Segment Start: MATERIAL FOR THE TASK
definition dot_b :: "nat \<Rightarrow> nat \<Rightarrow> nat set \<Rightarrow> bmon \<Rightarrow> bmon \<Rightarrow> bmon option" where
  "dot_b n m S b c = (if length (snd b) = n \<and> length (snd c) = m \<and> fst b = fst c
      then Some (fst b, shuffle S (snd b) (snd c)) else None)"

definition dot_A :: "nat \<Rightarrow> nat \<Rightarrow> nat set \<Rightarrow> (bmon \<Rightarrow> 'k::comm_ring_1) \<Rightarrow> (bmon \<Rightarrow> 'k) \<Rightarrow> (bmon \<Rightarrow> 'k)" where
  "dot_A n m S g f = lift_op (dot_b n m S) g f"

definition hcomp :: "nat \<Rightarrow> nat \<Rightarrow> (bmon \<Rightarrow> 'k::zero) \<Rightarrow> (bmon \<Rightarrow> 'k)" where
  "hcomp d n f = (\<lambda>b. if fst b = d \<and> length (snd b) = n then f b else 0)"

definition is_A_ideal :: "nat \<Rightarrow> (bmon \<Rightarrow> 'k::comm_ring_1) set \<Rightarrow> bool" where
  "is_A_ideal r I \<longleftrightarrow>
     I \<subseteq> {f. inA r f} \<and>
     (\<lambda>_. 0) \<in> I \<and>
     (\<forall>f \<in> I. \<forall>g \<in> I. (\<lambda>b. f b + g b) \<in> I) \<and>
     (\<forall>c f. f \<in> I \<longrightarrow> (\<lambda>b. c * f b) \<in> I) \<and>
     (\<forall>f \<in> I. \<forall>d n. hcomp d n f \<in> I) \<and>
     (\<forall>f \<in> I. \<forall>g. inA r g \<longrightarrow> star_A g f \<in> I) \<and>
     (\<forall>f \<in> I. \<forall>g. inA r g \<longrightarrow> (\<forall>n m S. is_split n m S \<longrightarrow> dot_A n m S g f \<in> I))"

definition ideal_gen :: "nat \<Rightarrow> (bmon \<Rightarrow> 'k::comm_ring_1) set \<Rightarrow> (bmon \<Rightarrow> 'k) set" where
  "ideal_gen r G = \<Inter> {I. is_A_ideal r I \<and> G \<subseteq> I}"

definition is_monomial :: "nat \<Rightarrow> (bmon \<Rightarrow> 'k::comm_ring_1) \<Rightarrow> bool" where
  "is_monomial r f \<longleftrightarrow> (\<exists>b c. valid_bmon r b \<and> f = (\<lambda>b'. if b' = b then c else 0))"

definition is_monomial_ideal :: "nat \<Rightarrow> (bmon \<Rightarrow> 'k::comm_ring_1) set \<Rightarrow> bool" where
  "is_monomial_ideal r I \<longleftrightarrow> is_A_ideal r I \<and>
     (\<exists>M. (\<forall>f \<in> M. is_monomial r f) \<and> I = ideal_gen r M)"

definition finitely_generated_A :: "nat \<Rightarrow> (bmon \<Rightarrow> 'k::comm_ring_1) set \<Rightarrow> bool" where
  "finitely_generated_A r I \<longleftrightarrow> (\<exists>G. finite G \<and> I = ideal_gen r G)"

end

theory Submission
  imports Defs "HOL-Library.Sublist" "HOL-Library.Ramsey"
begin

text \<open>Call a basis monomial \<open>b'\<close> a multiple of \<open>b\<close> if it arises from \<open>b\<close> by raising the
  exponents of every tensor factor and inserting further factors; then \<open>monom b c \<in> J\<close> implies
  \<open>monom b' c \<in> J\<close> for every ideal \<open>J\<close>. By Dickson's and Higman's lemmas this divisibility
  order is a well-quasi-order, so every sequence of basis monomials has a subsequence that is a
  divisibility chain. If a monomial ideal were not finitely generated, it would contain monomial
  generators \<open>s\<^sub>0, s\<^sub>1, \<dots>\<close> each outside the ideal generated by its predecessors. Along a
  divisibility chain of them, the coefficients generate an ascending chain of ideals of the
  noetherian ring \<open>k\<close>, which stabilises; the next term of the chain then lies in the ideal
  generated by the earlier ones, a contradiction.\<close>

definition good :: "('a \<Rightarrow> 'a \<Rightarrow> bool) \<Rightarrow> (nat \<Rightarrow> 'a) \<Rightarrow> bool" where
  "good P f \<longleftrightarrow> (\<exists>i j. i < j \<and> P (f i) (f j))"

definition almost_full_on :: "('a \<Rightarrow> 'a \<Rightarrow> bool) \<Rightarrow> 'a set \<Rightarrow> bool" where
  "almost_full_on P A \<longleftrightarrow> (\<forall>f. (\<forall>i. f i \<in> A) \<longrightarrow> good P f)"

lemma almost_full_onD:
  fixes f :: "nat \<Rightarrow> 'a"
  assumes "almost_full_on P A" "\<And>i. f i \<in> A"
  shows "\<exists>i j. i < j \<and> P (f i) (f j)"
proof -
  have "(\<forall>i. f i \<in> A) \<longrightarrow> good P f" using assms(1) unfolding almost_full_on_def by (rule spec)
  with assms(2) show ?thesis unfolding good_def by simp
qed

lemma almost_full_on_imp_homogeneous_subseq:
  fixes f :: "nat \<Rightarrow> 'a"
  assumes af: "almost_full_on P A" and fA: "\<And>i. f i \<in> A"
  obtains \<phi> :: "nat \<Rightarrow> nat" where "strict_mono \<phi>" "\<And>i j. i < j \<Longrightarrow> P (f (\<phi> i)) (f (\<phi> j))"
proof -
  define col where "col X = (if P (f (Min X)) (f (Max X)) then 0 else (1::nat))" for X :: "nat set"
  have "\<forall>x\<in>UNIV. \<forall>y\<in>UNIV. x \<noteq> y \<longrightarrow> col {x, y} < 2" by (simp add: col_def)
  from Ramsey2[OF infinite_UNIV_nat this] obtain Y t where
    Y: "infinite Y" "\<forall>x\<in>Y. \<forall>y\<in>Y. x \<noteq> y \<longrightarrow> col {x, y} = t" by blast
  define \<phi> where "\<phi> = enumerate Y"
  have mono: "strict_mono \<phi>" unfolding \<phi>_def using Y(1) by (rule strict_mono_enumerate)
  have P_iff: "P (f (\<phi> i)) (f (\<phi> j)) \<longleftrightarrow> t = 0" if "i < j" for i j
  proof -
    have lt: "\<phi> i < \<phi> j" using mono that by (rule strict_monoD)
    have "\<phi> i \<in> Y" "\<phi> j \<in> Y" unfolding \<phi>_def using Y(1) by (simp_all add: enumerate_in_set)
    then have "col {\<phi> i, \<phi> j} = t" using Y(2) lt by (metis less_irrefl)
    moreover have "Min {\<phi> i, \<phi> j} = \<phi> i" "Max {\<phi> i, \<phi> j} = \<phi> j" using lt by auto
    ultimately show ?thesis by (auto simp: col_def split: if_splits)
  qed
  obtain i j where "i < j" "P (f (\<phi> i)) (f (\<phi> j))"
    using almost_full_onD[OF af, of "f \<circ> \<phi>"] fA by auto
  then have "t = 0" using P_iff by blast
  with mono P_iff show thesis by (intro that) auto
qed

lemma almost_full_on_map:
  assumes "almost_full_on P A" "h ` B \<subseteq> A"
    and "\<And>x y. x \<in> B \<Longrightarrow> y \<in> B \<Longrightarrow> P (h x) (h y) \<Longrightarrow> Q x y"
  shows "almost_full_on Q B"
  unfolding almost_full_on_def good_def
proof (intro allI impI)
  fix f :: "nat \<Rightarrow> _" assume f: "\<forall>i. f i \<in> B"
  then have "h (f i) \<in> A" for i using assms(2) by auto
  then obtain i j where "i < j" "P (h (f i)) (h (f j))"
    using almost_full_onD[OF assms(1), of "\<lambda>i. h (f i)"] by blast
  then show "\<exists>i j. i < j \<and> Q (f i) (f j)" using assms(3) f by blast
qed

lemma almost_full_on_Times:
  assumes P: "almost_full_on P A" and Q: "almost_full_on Q B"
  shows "almost_full_on (\<lambda>x y. P (fst x) (fst y) \<and> Q (snd x) (snd y)) (A \<times> B)"
  unfolding almost_full_on_def good_def
proof (intro allI impI)
  fix f :: "nat \<Rightarrow> _" assume "\<forall>i. f i \<in> A \<times> B"
  then have fA: "fst (f i) \<in> A" and fB: "snd (f i) \<in> B" for i by (auto simp: mem_Times_iff)
  obtain \<phi> :: "nat \<Rightarrow> nat" where \<phi>: "strict_mono \<phi>" "\<And>i j. i < j \<Longrightarrow> P (fst (f (\<phi> i))) (fst (f (\<phi> j)))"
    using almost_full_on_imp_homogeneous_subseq[OF P, where f = "\<lambda>i. fst (f i)", OF fA] by blast
  have "\<exists>i j. i < j \<and> Q (snd (f (\<phi> i))) (snd (f (\<phi> j)))"
    by (rule almost_full_onD[OF Q]) (rule fB)
  then obtain i j where "i < j" "Q (snd (f (\<phi> i))) (snd (f (\<phi> j)))" by blast
  with \<phi> show "\<exists>i j. i < j \<and> P (fst (f i)) (fst (f j)) \<and> Q (snd (f i)) (snd (f j))"
    by (intro exI[of _ "\<phi> i"] exI[of _ "\<phi> j"]) (simp add: strict_monoD)
qed

lemma almost_full_on_nat_le: "almost_full_on (\<le>) (UNIV :: nat set)"
  unfolding almost_full_on_def good_def
proof (intro allI impI)
  fix f :: "nat \<Rightarrow> nat"
  define i where "i = arg_min f (\<lambda>_. True)"
  have "f i \<le> f (Suc i)" unfolding i_def by (rule arg_min_nat_le) simp
  then show "\<exists>i j. i < j \<and> f i \<le> f j" by blast
qed

lemma almost_full_on_list_all2_le: "almost_full_on (list_all2 (\<le>)) {w :: nat list. length w = n}"
proof (induction n)
  case 0
  show ?case unfolding almost_full_on_def good_def by (intro allI impI exI[of _ 0] exI[of _ 1]) simp
next
  case (Suc n)
  have Cons_le: "list_all2 (\<le>) v w"
    if "v \<noteq> []" "w \<noteq> []" "hd v \<le> hd w" "list_all2 (\<le>) (tl v) (tl w)" for v w :: "nat list"
    using that by (cases v; cases w) auto
  show ?case
  proof (rule almost_full_on_map[where h = "\<lambda>w. (hd w, tl w)",
        OF almost_full_on_Times[OF almost_full_on_nat_le Suc.IH]])
    show "(\<lambda>w. (hd w, tl w)) ` {w. length w = Suc n} \<subseteq> UNIV \<times> {w. length w = n}"
      by (simp add: image_subset_iff)
    fix v w :: "nat list" assume "v \<in> {w. length w = Suc n}" "w \<in> {w. length w = Suc n}"
      and "fst (hd v, tl v) \<le> fst (hd w, tl w) \<and> list_all2 (\<le>) (snd (hd v, tl v)) (snd (hd w, tl w))"
    then show "list_all2 (\<le>) v w" by (auto intro!: Cons_le[of v w])
  qed
qed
Segment End: MATERIAL FOR THE TASK
Whenever a line of the data includes the word "assumes", show that line in full.

**COMPLETED TASK**
  assumes "almost_full_on P A" "\<And>i. f i \<in> A"
  assumes af: "almost_full_on P A" and fA: "\<And>i. f i \<in> A"
  assumes "almost_full_on P A" "h ` B \<subseteq> A"
  assumes P: "almost_full_on P A" and Q: "almost_full_on Q B"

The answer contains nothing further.